Task item:
The expected answer is the set of lines in the data below between the line holding "definition sreda_y where" and the line holding "and summing expectations", inclusive, written out exactly.

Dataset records
(* Fix an outer iteration $k$ of SREDA and the inner procedure described in the context. Let $g(y)=-f(x_{k+1},y)$ and $\hat u_{k,t}=-\tilde u_{k,t}$. Then for any $t\ge1$, $$\mathbb{E}\|\nabla g(\tilde y_{k,t})-\hat u_{k,t}\|^2=\mathbb{E}\|\nabla g(\tilde y_{k,0})-\hat u_{k,0}\|^2-\sum_{j=1}^t\mathbb{E}\|\nabla g(\tilde y_{k,j})-\nabla g(\tilde y_{k,j-1})\|^2+\sum_{j=1}^t\mathbb{E}\|\hat u_{k,j}-\hat u_{k,j-1}\|^2.$$
   Context: Problem: $f(x,y)=\mathbb{E}[F(x,y;\xi)]$ on $\mathbb{R}^{d_1}\times\mathbb{R}^{d_2}$ with (A2) $\mathbb{E}\|\nabla F(x,y;\xi)-\nabla F(x',y';\xi)\|^2\le\ell^2(\|x-x'\|^2+\|y-y'\|^2)$, (A3) $F(x,\cdot;\xi)$ concave for each $\xi,x$, (A4) $f(x,\cdot)$ $\mu$-strongly concave, and also $\max_yf(\cdot,y)$ bounded below and $\mathbb{E}\|\nabla F-\nabla f\|^2\le\sigma^2$. $G_x=\nabla_xF$, $G_y=\nabla_yF$; samples are i.i.d. copies of $\xi$ independent of everything else. Inner procedure at outer iteration $k$ (step size $\lambda>0$, batch size $S_2$, integer $m$): given $x_k,y_k$, estimates $v_k,u_k$ and $x_{k+1}$, set $\tilde x_{k,-1}=x_k,\tilde y_{k,-1}=y_k,\tilde v_{k,-1}=v_k,\tilde u_{k,-1}=u_k,\tilde x_{k,0}=x_{k+1},\tilde y_{k,0}=y_k$; for $t=0,\dots,m+1$ draw $S_2$ fresh samples $\xi_{t,i}$ and set $\tilde v_{k,t}=\tilde v_{k,t-1}+\frac1{S_2}\sum_i[G_x(\tilde x_{k,t},\tilde y_{k,t};\xi_{t,i})-G_x(\tilde x_{k,t-1},\tilde y_{k,t-1};\xi_{t,i})]$, $\tilde u_{k,t}=\tilde u_{k,t-1}+\frac1{S_2}\sum_i[G_y(\tilde x_{k,t},\tilde y_{k,t};\xi_{t,i})-G_y(\tilde x_{k,t-1},\tilde y_{k,t-1};\xi_{t,i})]$, $\tilde x_{k,t+1}=\tilde x_{k,t}$, $\tilde y_{k,t+1}=\tilde y_{k,t}+\lambda\tilde u_{k,t}$. *)

theory Defs
  imports "HOL-Probability.Probability"
begin

definition pop_obj :: "'xi measure \<Rightarrow> ('a \<Rightarrow> 'b \<Rightarrow> 'xi \<Rightarrow> real) \<Rightarrow> 'a \<Rightarrow> 'b \<Rightarrow> real" where
  "pop_obj D F x y = (\<integral>\<xi>. F x y \<xi> \<partial>D)"

text \<open>The state index n corresponds to t = n - 1, i.e. n = 0 is t = -1.
  The state is (x~_t, y~_t, v~_t, u~_t).  The samples used at inner step t are
  xs t i, i < S2.\<close>
primrec sreda_inner_state ::
  "('a::real_vector \<Rightarrow> 'b::real_vector \<Rightarrow> 'xi \<Rightarrow> 'a) \<Rightarrow> ('a \<Rightarrow> 'b \<Rightarrow> 'xi \<Rightarrow> 'b) \<Rightarrow> real \<Rightarrow> nat
   \<Rightarrow> (nat \<Rightarrow> nat \<Rightarrow> 'xi) \<Rightarrow> 'a \<Rightarrow> 'b \<Rightarrow> 'a \<Rightarrow> 'b \<Rightarrow> 'a \<Rightarrow> nat \<Rightarrow> 'a \<times> 'b \<times> 'a \<times> 'b" where
  "sreda_inner_state Gx Gy lam S2 xs xk yk vk uk xk1 0 = (xk, yk, vk, uk)"
| "sreda_inner_state Gx Gy lam S2 xs xk yk vk uk xk1 (Suc n) =
     (let (xp, yp, vp, up) = sreda_inner_state Gx Gy lam S2 xs xk yk vk uk xk1 n;
          xn = (if n = 0 then xk1 else xp);
          yn = (if n = 0 then yk else yp + lam *\<^sub>R up);
          vn = vp + (1 / real S2) *\<^sub>R (\<Sum>i<S2. Gx xn yn (xs n i) - Gx xp yp (xs n i));
          un = up + (1 / real S2) *\<^sub>R (\<Sum>i<S2. Gy xn yn (xs n i) - Gy xp yp (xs n i))
      in (xn, yn, vn, un))"

definition sreda_y where
  "sreda_y Gx Gy lam S2 xs xk yk vk uk xk1 t =
     fst (snd (sreda_inner_state Gx Gy lam S2 xs xk yk vk uk xk1 (Suc t)))"

definition sreda_u where
  "sreda_u Gx Gy lam S2 xs xk yk vk uk xk1 t =
     snd (snd (snd (sreda_inner_state Gx Gy lam S2 xs xk yk vk uk xk1 (Suc t))))"

end

theory Submission
  imports Defs
begin

text \<open>Write x' = x_{k+1} and let e_t = u_t - \<nabla>_y f(x', y_t) be the error of the gradient
  estimate, so that grad_g(y_t) - uhat_t = e_t. With the increments \<Delta>_t = u_{t+1} - u_t and
  \<delta>_t = \<nabla>_y f(x', y_{t+1}) - \<nabla>_y f(x', y_t) we have e_{t+1} = e_t + \<Delta>_t - \<delta>_t, hence
  |e_{t+1}|^2 = |e_t|^2 + |\<Delta>_t|^2 - |\<delta>_t|^2 + 2 (e_t - \<delta>_t)\<bullet>(\<Delta>_t - \<delta>_t),
  and summing expectations over t gives the claim once the cross term is shown to have mean
  zero. It does, because \<Delta>_t - \<delta>_t is an average of terms G_y(x', y, \<xi>) - \<nabla>_y f(x', y) at
  fresh samples \<xi> = \<xi>_{t+1,i}, which are independent of the initial data and of all earlier
  samples, hence of e_t, \<delta>_t and y \<in> {y_t, y_{t+1}}; and G_y is unbiased.

  Unbiasedness is not among the hypotheses. It follows from the concavity of F(x,\<cdot>;\<xi>), which
  squeezes the increment of F along a segment between the tangents at its two ends, and from
  the mean-square Lipschitz bound (A2), which makes the squeeze uniform after taking
  expectations; together they allow differentiation under the expectation. The bounds (A2)
  and (var) also make every quantity in the identity square integrable.\<close>

lemma borel_measurable_fst':
  fixes f :: "'a \<Rightarrow> 'b::second_countable_topology \<times> 'c::second_countable_topology"
  assumes "f \<in> borel_measurable M"
  shows "(\<lambda>\<omega>. fst (f \<omega>)) \<in> borel_measurable M"
proof -
  have "fst \<in> borel_measurable (borel :: ('b \<times> 'c) measure)"
    by (subst borel_prod[symmetric]) (rule measurable_fst)
  from measurable_compose[OF assms this] show ?thesis .
qed

lemma borel_measurable_snd':
  fixes f :: "'a \<Rightarrow> 'b::second_countable_topology \<times> 'c::second_countable_topology"
  assumes "f \<in> borel_measurable M"
  shows "(\<lambda>\<omega>. snd (f \<omega>)) \<in> borel_measurable M"
proof -
  have "snd \<in> borel_measurable (borel :: ('b \<times> 'c) measure)"
    by (subst borel_prod[symmetric]) (rule measurable_snd)
  from measurable_compose[OF assms this] show ?thesis .
qed

lemma has_derivative_partial_snd:
  assumes "((\<lambda>(x', y'). \<phi> x' y') has_derivative (\<lambda>(h1, h2). a \<bullet> h1 + b \<bullet> h2)) (at (x, y))"
  shows "((\<lambda>y'. \<phi> x y') has_derivative (\<lambda>h. b \<bullet> h)) (at y)"
proof -
  have "((\<lambda>y'. (x, y')) has_derivative (\<lambda>h. (0, h))) (at y)"
    by (auto intro!: derivative_eq_intros)
  from has_derivative_compose[OF this assms] show ?thesis by (simp add: o_def)
qed

lemma directional_derivative_tendsto:
  fixes g :: "'b::real_normed_vector \<Rightarrow> real"
  assumes g: "(g has_derivative g') (at y)"
  shows "((\<lambda>\<tau>. (g (y + \<tau> *\<^sub>R v) - g y) / \<tau>) \<longlongrightarrow> g' v) (at 0)"
proof -
  have line: "((\<lambda>\<tau>::real. y + \<tau> *\<^sub>R v) has_derivative (\<lambda>\<tau>. \<tau> *\<^sub>R v)) (at 0)"
    by (auto intro!: derivative_eq_intros)
  have "(g has_derivative g') (at (y + 0 *\<^sub>R v))" using g by simp
  from has_derivative_compose[OF line this]
  have "((\<lambda>\<tau>::real. g (y + \<tau> *\<^sub>R v)) has_derivative (\<lambda>\<tau>. g' (\<tau> *\<^sub>R v))) (at 0)"
    by (simp add: o_def)
  moreover have "(\<lambda>\<tau>. g' (\<tau> *\<^sub>R v)) = (*) (g' v)"
    using has_derivative_linear[OF g] by (auto simp: linear_scale fun_eq_iff)
  ultimately have "((\<lambda>\<tau>::real. g (y + \<tau> *\<^sub>R v)) has_field_derivative g' v) (at 0)"
    by (simp add: has_field_derivative_def)
  then show ?thesis by (simp add: has_field_derivative_iff)
qed

lemma concave_on_le_tangent:
  fixes g :: "'b::real_normed_vector \<Rightarrow> real"
  assumes c: "concave_on UNIV g" and g: "(g has_derivative g') (at y)"
  shows "g z \<le> g y + g' (z - y)"
proof -
  have lim: "((\<lambda>\<tau>. (g (y + \<tau> *\<^sub>R (z - y)) - g y) / \<tau>) \<longlongrightarrow> g' (z - y)) (at_right 0)"
    using directional_derivative_tendsto[OF g] by (rule filterlim_mono) (simp_all add: at_within_le_at)
  have "eventually (\<lambda>\<tau>. g z - g y \<le> (g (y + \<tau> *\<^sub>R (z - y)) - g y) / \<tau>) (at_right 0)"
    using eventually_at_right_real[of "0::real" 1, OF zero_less_one]
  proof eventually_elim
    case (elim \<tau>)
    then have \<tau>: "0 < \<tau>" "\<tau> < 1" by auto
    have "(1 - \<tau>) * g y + \<tau> * g z \<le> g ((1 - \<tau>) *\<^sub>R y + \<tau> *\<^sub>R z)"
      using concave_onD[OF c, of \<tau> y z] \<tau> by simp
    moreover have "(1 - \<tau>) *\<^sub>R y + \<tau> *\<^sub>R z = y + \<tau> *\<^sub>R (z - y)"
      by (simp add: algebra_simps)
    ultimately have "\<tau> * (g z - g y) \<le> g (y + \<tau> *\<^sub>R (z - y)) - g y"
      by (simp add: algebra_simps)
    then show ?case using \<tau> by (simp add: pos_le_divide_eq mult.commute)
  qed
  from tendsto_lowerbound[OF lim this] show ?thesis by simp
qed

Result:
definition sreda_y where
  "sreda_y Gx Gy lam S2 xs xk yk vk uk xk1 t =
     fst (snd (sreda_inner_state Gx Gy lam S2 xs xk yk vk uk xk1 (Suc t)))"

definition sreda_u where
  "sreda_u Gx Gy lam S2 xs xk yk vk uk xk1 t =
     snd (snd (snd (sreda_inner_state Gx Gy lam S2 xs xk yk vk uk xk1 (Suc t))))"

end

theory Submission
  imports Defs
begin

text \<open>Write x' = x_{k+1} and let e_t = u_t - \<nabla>_y f(x', y_t) be the error of the gradient
  estimate, so that grad_g(y_t) - uhat_t = e_t. With the increments \<Delta>_t = u_{t+1} - u_t and
  \<delta>_t = \<nabla>_y f(x', y_{t+1}) - \<nabla>_y f(x', y_t) we have e_{t+1} = e_t + \<Delta>_t - \<delta>_t, hence
  |e_{t+1}|^2 = |e_t|^2 + |\<Delta>_t|^2 - |\<delta>_t|^2 + 2 (e_t - \<delta>_t)\<bullet>(\<Delta>_t - \<delta>_t),
  and summing expectations over t gives the claim once the cross term is shown to have mean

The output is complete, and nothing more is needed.